The required output is the exact sequence of lines from the line holding "using assms(2-4) unfolding" to the end of the records, inclusive.
————
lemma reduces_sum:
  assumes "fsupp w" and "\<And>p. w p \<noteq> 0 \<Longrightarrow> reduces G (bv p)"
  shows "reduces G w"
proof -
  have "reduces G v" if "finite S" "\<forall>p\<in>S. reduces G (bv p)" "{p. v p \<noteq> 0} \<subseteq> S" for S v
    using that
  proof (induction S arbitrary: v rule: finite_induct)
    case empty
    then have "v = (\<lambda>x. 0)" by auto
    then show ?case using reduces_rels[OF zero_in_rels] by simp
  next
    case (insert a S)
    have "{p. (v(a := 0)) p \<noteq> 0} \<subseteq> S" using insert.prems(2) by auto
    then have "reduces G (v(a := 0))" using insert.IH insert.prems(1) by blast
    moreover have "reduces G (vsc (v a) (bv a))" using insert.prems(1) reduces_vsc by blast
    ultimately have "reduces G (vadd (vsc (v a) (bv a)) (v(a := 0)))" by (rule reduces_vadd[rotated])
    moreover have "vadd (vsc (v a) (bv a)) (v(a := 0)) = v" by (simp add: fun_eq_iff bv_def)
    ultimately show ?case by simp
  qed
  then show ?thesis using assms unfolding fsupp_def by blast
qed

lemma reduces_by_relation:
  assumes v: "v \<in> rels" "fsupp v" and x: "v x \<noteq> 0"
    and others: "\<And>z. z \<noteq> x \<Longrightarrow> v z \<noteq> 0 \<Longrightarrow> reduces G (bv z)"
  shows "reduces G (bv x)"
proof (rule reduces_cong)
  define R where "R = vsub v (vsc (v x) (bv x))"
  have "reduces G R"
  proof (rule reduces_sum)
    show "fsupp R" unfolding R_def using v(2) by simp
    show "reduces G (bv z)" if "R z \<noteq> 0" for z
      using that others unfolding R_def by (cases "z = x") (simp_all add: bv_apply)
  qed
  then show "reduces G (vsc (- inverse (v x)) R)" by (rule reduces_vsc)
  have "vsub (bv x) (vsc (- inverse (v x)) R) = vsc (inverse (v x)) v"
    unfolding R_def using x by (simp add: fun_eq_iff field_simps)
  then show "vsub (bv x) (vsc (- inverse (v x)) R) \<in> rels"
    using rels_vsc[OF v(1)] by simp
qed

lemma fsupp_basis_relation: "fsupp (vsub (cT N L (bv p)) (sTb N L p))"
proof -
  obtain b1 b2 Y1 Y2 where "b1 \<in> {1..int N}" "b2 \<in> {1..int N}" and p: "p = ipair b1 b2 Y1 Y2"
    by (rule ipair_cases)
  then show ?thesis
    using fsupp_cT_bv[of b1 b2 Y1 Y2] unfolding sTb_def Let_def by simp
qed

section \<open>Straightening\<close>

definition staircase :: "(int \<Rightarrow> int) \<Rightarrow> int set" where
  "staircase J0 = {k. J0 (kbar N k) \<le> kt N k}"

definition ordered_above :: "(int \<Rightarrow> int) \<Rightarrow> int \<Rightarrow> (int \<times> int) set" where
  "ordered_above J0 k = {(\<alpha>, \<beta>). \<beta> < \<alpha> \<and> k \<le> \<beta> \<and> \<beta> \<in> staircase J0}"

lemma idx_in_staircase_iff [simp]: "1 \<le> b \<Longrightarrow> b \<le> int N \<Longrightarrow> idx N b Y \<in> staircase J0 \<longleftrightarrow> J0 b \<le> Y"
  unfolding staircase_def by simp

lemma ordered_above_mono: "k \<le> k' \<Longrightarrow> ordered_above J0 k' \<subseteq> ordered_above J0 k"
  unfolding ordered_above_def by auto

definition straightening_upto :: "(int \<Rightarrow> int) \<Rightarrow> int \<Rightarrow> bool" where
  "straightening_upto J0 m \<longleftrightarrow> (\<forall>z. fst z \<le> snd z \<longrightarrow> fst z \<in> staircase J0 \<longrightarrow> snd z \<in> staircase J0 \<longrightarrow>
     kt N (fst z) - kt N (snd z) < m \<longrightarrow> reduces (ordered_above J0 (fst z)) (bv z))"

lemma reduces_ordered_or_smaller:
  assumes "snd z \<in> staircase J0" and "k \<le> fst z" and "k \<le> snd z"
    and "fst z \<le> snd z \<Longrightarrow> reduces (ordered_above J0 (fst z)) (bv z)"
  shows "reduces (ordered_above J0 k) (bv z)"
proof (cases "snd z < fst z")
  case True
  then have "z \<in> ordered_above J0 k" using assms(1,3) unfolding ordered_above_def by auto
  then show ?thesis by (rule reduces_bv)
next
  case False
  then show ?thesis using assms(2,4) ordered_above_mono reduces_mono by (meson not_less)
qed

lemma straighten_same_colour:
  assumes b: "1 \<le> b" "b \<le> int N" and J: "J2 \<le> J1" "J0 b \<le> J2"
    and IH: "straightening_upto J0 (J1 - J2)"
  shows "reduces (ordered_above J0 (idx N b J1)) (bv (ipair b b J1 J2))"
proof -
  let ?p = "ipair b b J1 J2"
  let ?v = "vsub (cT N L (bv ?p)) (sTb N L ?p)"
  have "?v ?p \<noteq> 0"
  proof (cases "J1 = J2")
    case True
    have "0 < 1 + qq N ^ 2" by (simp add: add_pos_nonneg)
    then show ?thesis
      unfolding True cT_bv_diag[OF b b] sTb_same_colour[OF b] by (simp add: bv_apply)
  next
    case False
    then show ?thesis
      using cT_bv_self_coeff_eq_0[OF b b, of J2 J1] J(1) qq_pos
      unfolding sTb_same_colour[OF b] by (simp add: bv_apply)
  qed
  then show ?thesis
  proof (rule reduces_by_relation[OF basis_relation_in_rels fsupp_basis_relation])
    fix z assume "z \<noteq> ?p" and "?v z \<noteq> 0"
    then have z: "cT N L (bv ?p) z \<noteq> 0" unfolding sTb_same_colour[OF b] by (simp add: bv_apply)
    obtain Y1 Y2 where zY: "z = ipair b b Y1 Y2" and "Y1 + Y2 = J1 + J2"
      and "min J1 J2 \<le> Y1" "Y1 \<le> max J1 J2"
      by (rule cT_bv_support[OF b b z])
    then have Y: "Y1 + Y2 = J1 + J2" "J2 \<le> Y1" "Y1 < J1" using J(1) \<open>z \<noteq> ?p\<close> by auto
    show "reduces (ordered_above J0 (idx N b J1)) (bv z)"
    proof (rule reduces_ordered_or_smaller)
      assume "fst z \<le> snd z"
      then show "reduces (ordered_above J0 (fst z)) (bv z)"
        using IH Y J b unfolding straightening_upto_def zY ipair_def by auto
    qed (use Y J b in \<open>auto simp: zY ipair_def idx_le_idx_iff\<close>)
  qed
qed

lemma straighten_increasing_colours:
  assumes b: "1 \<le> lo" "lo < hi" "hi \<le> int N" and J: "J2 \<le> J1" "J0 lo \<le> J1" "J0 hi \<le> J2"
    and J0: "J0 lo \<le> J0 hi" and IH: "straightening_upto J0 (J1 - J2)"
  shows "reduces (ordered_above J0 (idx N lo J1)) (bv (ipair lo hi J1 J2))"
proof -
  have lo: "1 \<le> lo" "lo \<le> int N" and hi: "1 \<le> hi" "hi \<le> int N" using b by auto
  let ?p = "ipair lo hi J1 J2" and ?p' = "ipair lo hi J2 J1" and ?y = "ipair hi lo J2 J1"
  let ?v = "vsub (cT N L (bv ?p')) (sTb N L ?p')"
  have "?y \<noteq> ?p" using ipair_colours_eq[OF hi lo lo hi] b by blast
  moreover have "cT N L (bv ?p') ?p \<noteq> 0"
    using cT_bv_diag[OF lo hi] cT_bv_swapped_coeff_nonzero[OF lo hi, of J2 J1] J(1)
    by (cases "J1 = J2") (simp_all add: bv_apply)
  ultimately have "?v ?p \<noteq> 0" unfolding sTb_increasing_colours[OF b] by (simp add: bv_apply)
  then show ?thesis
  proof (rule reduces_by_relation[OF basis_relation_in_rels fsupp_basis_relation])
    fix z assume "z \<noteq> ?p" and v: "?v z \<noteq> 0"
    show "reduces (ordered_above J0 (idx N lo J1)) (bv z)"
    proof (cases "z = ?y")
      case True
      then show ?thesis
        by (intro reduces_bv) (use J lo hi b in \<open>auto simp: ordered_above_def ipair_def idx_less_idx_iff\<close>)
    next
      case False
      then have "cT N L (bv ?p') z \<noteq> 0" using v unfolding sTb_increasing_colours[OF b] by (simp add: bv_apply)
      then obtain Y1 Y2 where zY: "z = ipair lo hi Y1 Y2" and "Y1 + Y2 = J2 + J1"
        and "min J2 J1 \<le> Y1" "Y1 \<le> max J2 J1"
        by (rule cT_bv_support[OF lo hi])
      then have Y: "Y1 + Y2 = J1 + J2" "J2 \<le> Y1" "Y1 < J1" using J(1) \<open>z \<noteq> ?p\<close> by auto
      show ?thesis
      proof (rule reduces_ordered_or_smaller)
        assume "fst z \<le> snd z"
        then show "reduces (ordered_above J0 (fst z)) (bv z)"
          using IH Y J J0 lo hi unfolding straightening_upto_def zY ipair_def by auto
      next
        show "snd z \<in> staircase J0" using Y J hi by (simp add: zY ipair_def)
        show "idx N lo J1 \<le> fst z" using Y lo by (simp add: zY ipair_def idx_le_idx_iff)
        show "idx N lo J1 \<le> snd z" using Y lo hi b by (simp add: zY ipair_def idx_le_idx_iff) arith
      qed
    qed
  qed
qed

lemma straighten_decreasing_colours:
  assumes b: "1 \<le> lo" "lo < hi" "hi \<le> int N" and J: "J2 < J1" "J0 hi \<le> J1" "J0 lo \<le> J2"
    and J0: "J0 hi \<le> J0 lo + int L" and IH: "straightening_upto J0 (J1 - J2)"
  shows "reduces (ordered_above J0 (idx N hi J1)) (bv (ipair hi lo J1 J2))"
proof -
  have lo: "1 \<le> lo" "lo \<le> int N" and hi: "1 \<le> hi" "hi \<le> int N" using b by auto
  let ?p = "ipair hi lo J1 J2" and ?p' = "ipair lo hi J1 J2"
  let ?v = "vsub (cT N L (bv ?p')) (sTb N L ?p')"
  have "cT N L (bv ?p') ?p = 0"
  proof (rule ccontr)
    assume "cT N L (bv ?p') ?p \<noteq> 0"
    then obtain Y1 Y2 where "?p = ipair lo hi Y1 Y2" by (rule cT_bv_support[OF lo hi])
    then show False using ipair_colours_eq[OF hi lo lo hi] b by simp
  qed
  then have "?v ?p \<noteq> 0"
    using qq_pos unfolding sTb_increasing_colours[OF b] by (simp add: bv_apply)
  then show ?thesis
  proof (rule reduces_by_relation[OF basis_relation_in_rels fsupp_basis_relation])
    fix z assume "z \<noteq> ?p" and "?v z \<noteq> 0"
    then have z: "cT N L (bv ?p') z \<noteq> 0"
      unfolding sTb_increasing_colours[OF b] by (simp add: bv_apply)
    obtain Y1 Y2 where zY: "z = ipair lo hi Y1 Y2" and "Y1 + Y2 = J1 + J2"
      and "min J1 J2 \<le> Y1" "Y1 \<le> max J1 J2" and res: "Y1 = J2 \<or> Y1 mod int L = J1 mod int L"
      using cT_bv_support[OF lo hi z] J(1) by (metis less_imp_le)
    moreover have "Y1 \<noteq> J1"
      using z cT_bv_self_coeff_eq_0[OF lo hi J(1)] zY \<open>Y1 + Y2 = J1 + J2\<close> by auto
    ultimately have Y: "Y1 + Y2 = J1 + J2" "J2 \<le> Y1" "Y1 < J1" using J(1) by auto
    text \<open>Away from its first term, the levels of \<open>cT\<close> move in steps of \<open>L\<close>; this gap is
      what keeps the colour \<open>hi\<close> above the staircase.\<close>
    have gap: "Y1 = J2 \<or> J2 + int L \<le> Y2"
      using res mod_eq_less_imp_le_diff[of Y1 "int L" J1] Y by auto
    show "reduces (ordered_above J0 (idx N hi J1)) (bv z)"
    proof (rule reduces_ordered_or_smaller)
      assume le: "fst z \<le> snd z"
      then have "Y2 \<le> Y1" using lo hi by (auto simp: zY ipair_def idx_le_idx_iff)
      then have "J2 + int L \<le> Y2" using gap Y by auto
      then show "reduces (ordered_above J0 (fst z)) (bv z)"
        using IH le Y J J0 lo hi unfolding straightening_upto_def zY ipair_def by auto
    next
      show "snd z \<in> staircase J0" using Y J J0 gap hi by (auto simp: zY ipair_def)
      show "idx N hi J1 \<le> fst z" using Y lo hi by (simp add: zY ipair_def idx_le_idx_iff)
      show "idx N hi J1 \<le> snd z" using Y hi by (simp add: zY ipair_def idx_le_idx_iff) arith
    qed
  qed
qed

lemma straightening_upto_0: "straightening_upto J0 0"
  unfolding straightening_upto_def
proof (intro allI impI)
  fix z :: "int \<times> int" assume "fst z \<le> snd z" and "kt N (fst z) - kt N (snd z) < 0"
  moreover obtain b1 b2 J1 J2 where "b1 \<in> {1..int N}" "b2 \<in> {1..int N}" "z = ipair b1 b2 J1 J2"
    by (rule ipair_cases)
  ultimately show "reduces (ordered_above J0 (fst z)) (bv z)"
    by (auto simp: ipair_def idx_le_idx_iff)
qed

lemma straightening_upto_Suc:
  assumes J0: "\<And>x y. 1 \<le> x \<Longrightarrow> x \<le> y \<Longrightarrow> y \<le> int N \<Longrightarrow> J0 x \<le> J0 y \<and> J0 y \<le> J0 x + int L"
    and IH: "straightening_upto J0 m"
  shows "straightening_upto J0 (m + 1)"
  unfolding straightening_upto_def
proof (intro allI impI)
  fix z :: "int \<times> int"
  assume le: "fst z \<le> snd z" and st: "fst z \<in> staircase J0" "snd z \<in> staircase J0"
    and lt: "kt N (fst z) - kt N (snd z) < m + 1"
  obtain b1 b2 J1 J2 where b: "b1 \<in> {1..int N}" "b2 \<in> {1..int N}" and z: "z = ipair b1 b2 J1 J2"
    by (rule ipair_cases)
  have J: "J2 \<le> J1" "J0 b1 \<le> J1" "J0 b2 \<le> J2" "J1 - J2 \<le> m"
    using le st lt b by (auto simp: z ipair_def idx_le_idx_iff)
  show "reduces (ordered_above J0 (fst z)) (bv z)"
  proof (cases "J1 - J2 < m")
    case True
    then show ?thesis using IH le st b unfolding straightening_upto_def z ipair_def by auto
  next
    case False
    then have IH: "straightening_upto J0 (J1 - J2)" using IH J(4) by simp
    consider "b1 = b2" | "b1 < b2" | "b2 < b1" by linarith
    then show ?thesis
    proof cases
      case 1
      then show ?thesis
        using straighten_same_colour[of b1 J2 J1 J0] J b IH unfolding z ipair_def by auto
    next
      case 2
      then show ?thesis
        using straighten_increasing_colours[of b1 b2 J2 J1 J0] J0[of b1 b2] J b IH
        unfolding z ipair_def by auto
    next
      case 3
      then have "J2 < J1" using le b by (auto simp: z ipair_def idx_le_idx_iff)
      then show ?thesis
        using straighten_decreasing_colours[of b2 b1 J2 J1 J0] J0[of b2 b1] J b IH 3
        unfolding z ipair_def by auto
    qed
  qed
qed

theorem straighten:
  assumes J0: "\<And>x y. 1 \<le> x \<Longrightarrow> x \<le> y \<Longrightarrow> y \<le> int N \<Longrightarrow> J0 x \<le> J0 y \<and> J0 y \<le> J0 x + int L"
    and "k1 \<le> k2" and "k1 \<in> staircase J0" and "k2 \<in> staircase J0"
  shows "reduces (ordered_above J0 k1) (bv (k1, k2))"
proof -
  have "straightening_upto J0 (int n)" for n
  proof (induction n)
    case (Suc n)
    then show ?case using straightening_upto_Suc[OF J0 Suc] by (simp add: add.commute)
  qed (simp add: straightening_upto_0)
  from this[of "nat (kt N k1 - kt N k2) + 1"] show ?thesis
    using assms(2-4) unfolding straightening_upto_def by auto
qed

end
————
◆ **ANSWER TO THIS PROBLEM**:
    using assms(2-4) unfolding straightening_upto_def by auto
qed

end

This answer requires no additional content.